The fire didn't go out when the fighting stopped.
It lingered in the corners of homes, behind the eyes of the survivors, in the smoldering wreckage of everything that had once resembled stability. Kuron walked through Shiyuzawa's blackened ruins like a specter, untouched and unburnt, yet surrounded by the ashes of a war he had orchestrated.
The rebellion had collapsed. Efficiently. Brutally.
Just as he planned.
Bodies lay in silent rows beneath white cloths, some too mangled to cover properly. Children sat beside them, hollow-eyed and soot-stained. Kuron didn't meet their gaze. He couldn't. Not today.
"Forty-seven dead. Twenty-nine missing," a medic muttered behind him. "We think they fled into the marshes. Or…"
He didn't finish the sentence.
Kuron nodded, eyes fixed ahead. He didn't need the numbers. He knew them already. He'd written the conditions.
---
Taiho returned two days later.
His armor was scorched. His hair matted with blood that wasn't his. He didn't speak when he saw the carnage. Just stood in silence, staring at the spot where the old archive tower used to stand.
"You won," he finally said.
Kuron didn't respond.
Taiho turned to him. "Was it worth it?"
Kuron didn't know.
The silence stretched too long.
"Was it supposed to be like this?" Taiho pressed, voice low. "Was this in your plan too?"
"It had to happen," Kuron said quietly. "This…this was the only way they would listen. The only way they'd break."
"They didn't break," Taiho hissed. "They bled. You didn't start a revolution—you handed us a culling."

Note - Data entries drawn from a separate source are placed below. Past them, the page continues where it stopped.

(* Let $M_0>0$, $\varphi\in\mathrm{Lip}_\alpha$, $\tau_0\in C_+(\Omega)$ with $\|\varphi\|_{\mathrm{Lip}_\alpha}+\|\tau_0\|_\infty\le M_0$, and let $r\in(0,+\infty)$. Then system (1.1) with initial distribution $(\varphi,\tau_0)$ admits at most one solution $(A,\tau)\in C((-\infty,r],C(\Omega))\times C([0,r],C(\Omega))$ on $[0,r]$.
   Context: $\Omega\subset\mathbb R^n$ compact, $C(\Omega)$ with sup norm, $C_+(\Omega)$ nonnegative functions, $\alpha\ge0$ fixed. Standing assumption: $F:C(\Omega)\times C(\Omega)\times C(\Omega^2)\to C(\Omega)$ is Lipschitz on bounded sets (for every $M>0$ there is $L(M)$ with $\|F(u,v,w)-F(\hat u,\hat v,\hat w)\|_\infty\le L(M)[\|u-\hat u\|_\infty+\|v-\hat v\|_\infty+\|w-\hat w\|_\infty]$ when all arguments have norm $\le M$); $f:C(\Omega)\to C(\Omega)$ is Lipschitz, $0<f(\phi)(x)\le M_f$ for a constant $M_f$, and non-increasing for the pointwise order. $\mathrm{Lip}_\alpha$: $\phi\in C((-\infty,0],C(\Omega))$ with $\theta\mapsto e^{-\alpha|\theta|}\phi(\theta)$ bounded and Lipschitz, norm = sup norm + Lipschitz seminorm of that map. A solution of (1.1) on $[0,r]$ with initial distribution $(\varphi,\tau_0)$: continuous $A:(-\infty,r]\to C(\Omega)$, $\tau:[0,r]\to C_+(\Omega)$ with $A=\varphi$ on $(-\infty,0]$, $A(t,x)=\varphi(0,x)+\int_0^tF(A(l,\cdot),\tau(l,\cdot),A(l-\tau(l)))(x)dl$ for $t\in[0,r]$, where $A(l-\tau(l))\in C(\Omega^2)$ is $(x,y)\mapsto A(l-\tau(l,x),y)$, and $\int_{t-\tau(t,x)}^tf(A(s,\cdot))(x)ds=\int_{-\tau_0(x)}^0f(\varphi(s,\cdot))(x)ds$ for $t\in[0,r]$, $x\in\Omega$. *)

theory Defs
  imports "HOL-Analysis.Analysis"
begin

text \<open>Sup norm over a set S (0 for the empty set). Elements of C(S) are represented
  by functions that are continuous on S; only their values on S matter.\<close>
definition supn :: "'b set \<Rightarrow> ('b \<Rightarrow> real) \<Rightarrow> real" where
  "supn S u = Sup (insert 0 ((\<lambda>x. \<bar>u x\<bar>) ` S))"

definition CF :: "'b::topological_space set \<Rightarrow> ('b \<Rightarrow> real) set" where
  "CF S = {u. continuous_on S u}"

definition cont_into :: "real set \<Rightarrow> 'b::topological_space set \<Rightarrow> (real \<Rightarrow> 'b \<Rightarrow> real) \<Rightarrow> bool" where
  "cont_into I S A \<longleftrightarrow> (\<forall>t\<in>I. continuous_on S (A t)) \<and>
     (\<forall>t\<in>I. \<forall>e>0. \<exists>d>0. \<forall>s\<in>I. \<bar>s - t\<bar> < d \<longrightarrow> supn S (\<lambda>x. A s x - A t x) < e)"

definition standing_F ::
  "'b::topological_space set \<Rightarrow> (('b \<Rightarrow> real) \<Rightarrow> ('b \<Rightarrow> real) \<Rightarrow> ('b \<times> 'b \<Rightarrow> real) \<Rightarrow> ('b \<Rightarrow> real)) \<Rightarrow> bool" where
  "standing_F \<Omega> F \<longleftrightarrow>
     (\<forall>u\<in>CF \<Omega>. \<forall>v\<in>CF \<Omega>. \<forall>w\<in>CF (\<Omega> \<times> \<Omega>). continuous_on \<Omega> (F u v w)) \<and>
     (\<forall>M>0. \<exists>L. \<forall>u\<in>CF \<Omega>. \<forall>v\<in>CF \<Omega>. \<forall>w\<in>CF (\<Omega> \<times> \<Omega>).
        \<forall>u'\<in>CF \<Omega>. \<forall>v'\<in>CF \<Omega>. \<forall>w'\<in>CF (\<Omega> \<times> \<Omega>).
        supn \<Omega> u \<le> M \<longrightarrow> supn \<Omega> v \<le> M \<longrightarrow> supn (\<Omega> \<times> \<Omega>) w \<le> M \<longrightarrow>
        supn \<Omega> u' \<le> M \<longrightarrow> supn \<Omega> v' \<le> M \<longrightarrow> supn (\<Omega> \<times> \<Omega>) w' \<le> M \<longrightarrow>
        supn \<Omega> (\<lambda>x. F u v w x - F u' v' w' x)
          \<le> L * (supn \<Omega> (\<lambda>x. u x - u' x) + supn \<Omega> (\<lambda>x. v x - v' x)
                 + supn (\<Omega> \<times> \<Omega>) (\<lambda>p. w p - w' p)))"

definition standing_f :: "'b::topological_space set \<Rightarrow> (('b \<Rightarrow> real) \<Rightarrow> ('b \<Rightarrow> real)) \<Rightarrow> bool" where
  "standing_f \<Omega> f \<longleftrightarrow>
     (\<forall>u\<in>CF \<Omega>. continuous_on \<Omega> (f u)) \<and>
     (\<exists>L. \<forall>u\<in>CF \<Omega>. \<forall>u'\<in>CF \<Omega>.
        supn \<Omega> (\<lambda>x. f u x - f u' x) \<le> L * supn \<Omega> (\<lambda>x. u x - u' x)) \<and>
     (\<exists>Mf. \<forall>u\<in>CF \<Omega>. \<forall>x\<in>\<Omega>. 0 < f u x \<and> f u x \<le> Mf) \<and>
     (\<forall>u\<in>CF \<Omega>. \<forall>v\<in>CF \<Omega>. (\<forall>x\<in>\<Omega>. u x \<le> v x) \<longrightarrow> (\<forall>x\<in>\<Omega>. f v x \<le> f u x))"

Kuron didn't flinch. "The province is unified now."
"At what cost?"
Kuron looked away.
He didn't have an answer.
---
That night, Kuron found himself at the riverbank, holding a half-burnt mask taken from a rebel corpse. It was a child's size.
A boy, maybe twelve. He'd watched that boy run through the flames, blade in hand, eyes wild with hope. Kuron had ordered the strike that killed him.
He told himself it was necessary.
But the truth clung to him like the scent of smoke. It soaked his clothes, filled his lungs. It whispered doubts into the hollows of his chest.
You're just like them.
You're worse.
---
In the weeks that followed, Kuron sent glowing reports to the capital.
"Province stabilized."
"Resistance neutralized."
"Loyalty reestablished."
He received commendations. A promotion. A personal summons to the inner circle of the Mist's administrative elite.
He accepted every offer.
Smiled in every meeting.
But something in him had changed.
He began dreaming of Isari again.
Of bells that no longer rang.
Of a flute buried beneath rubble.
Of the moment when he stopped being a son and became a blade.
He had told himself the path was worth it.
That pain was the price of progress.
But as the ghosts multiplied, Kuron began to wonder if he was building a future—or becoming the architect of his own ruin.